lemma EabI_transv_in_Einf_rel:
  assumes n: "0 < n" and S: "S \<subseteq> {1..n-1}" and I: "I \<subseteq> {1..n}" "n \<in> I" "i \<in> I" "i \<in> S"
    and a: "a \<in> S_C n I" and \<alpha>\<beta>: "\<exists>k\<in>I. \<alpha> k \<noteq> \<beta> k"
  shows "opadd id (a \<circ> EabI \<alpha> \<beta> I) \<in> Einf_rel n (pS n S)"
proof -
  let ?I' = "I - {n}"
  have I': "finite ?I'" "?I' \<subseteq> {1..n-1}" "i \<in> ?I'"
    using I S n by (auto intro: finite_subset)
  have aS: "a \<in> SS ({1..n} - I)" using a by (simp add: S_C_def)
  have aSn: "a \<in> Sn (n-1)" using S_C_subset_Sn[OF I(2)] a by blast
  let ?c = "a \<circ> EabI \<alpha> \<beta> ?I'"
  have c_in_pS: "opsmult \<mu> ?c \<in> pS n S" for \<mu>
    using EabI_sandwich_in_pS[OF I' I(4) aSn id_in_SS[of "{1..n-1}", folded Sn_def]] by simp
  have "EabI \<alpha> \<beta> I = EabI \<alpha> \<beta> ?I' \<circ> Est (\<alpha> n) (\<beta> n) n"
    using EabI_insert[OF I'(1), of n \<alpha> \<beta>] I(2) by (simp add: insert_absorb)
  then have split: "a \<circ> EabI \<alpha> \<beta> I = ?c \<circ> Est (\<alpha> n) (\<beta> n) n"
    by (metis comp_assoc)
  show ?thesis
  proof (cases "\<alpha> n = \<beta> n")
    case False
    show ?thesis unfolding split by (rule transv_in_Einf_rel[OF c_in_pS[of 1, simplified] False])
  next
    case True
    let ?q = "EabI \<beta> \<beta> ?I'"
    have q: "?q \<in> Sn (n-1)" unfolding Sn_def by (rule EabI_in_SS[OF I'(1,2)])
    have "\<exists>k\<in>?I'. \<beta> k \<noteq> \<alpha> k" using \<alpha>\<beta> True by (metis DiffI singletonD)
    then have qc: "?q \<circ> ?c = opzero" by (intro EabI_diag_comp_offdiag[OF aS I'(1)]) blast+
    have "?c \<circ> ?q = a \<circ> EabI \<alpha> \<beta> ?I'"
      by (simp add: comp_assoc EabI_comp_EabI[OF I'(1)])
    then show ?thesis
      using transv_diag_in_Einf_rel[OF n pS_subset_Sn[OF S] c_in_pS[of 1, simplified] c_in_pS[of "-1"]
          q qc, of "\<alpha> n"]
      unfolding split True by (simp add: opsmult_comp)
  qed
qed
□ □ □ □
| WORK ITEM |
Check each line of the entries for the string "rule". Copy the lines that have it.

| RESULT BELOW |
    show ?thesis unfolding split by (rule transv_in_Einf_rel[OF c_in_pS[of 1, simplified] False])
    have q: "?q \<in> Sn (n-1)" unfolding Sn_def by (rule EabI_in_SS[OF I'(1,2)])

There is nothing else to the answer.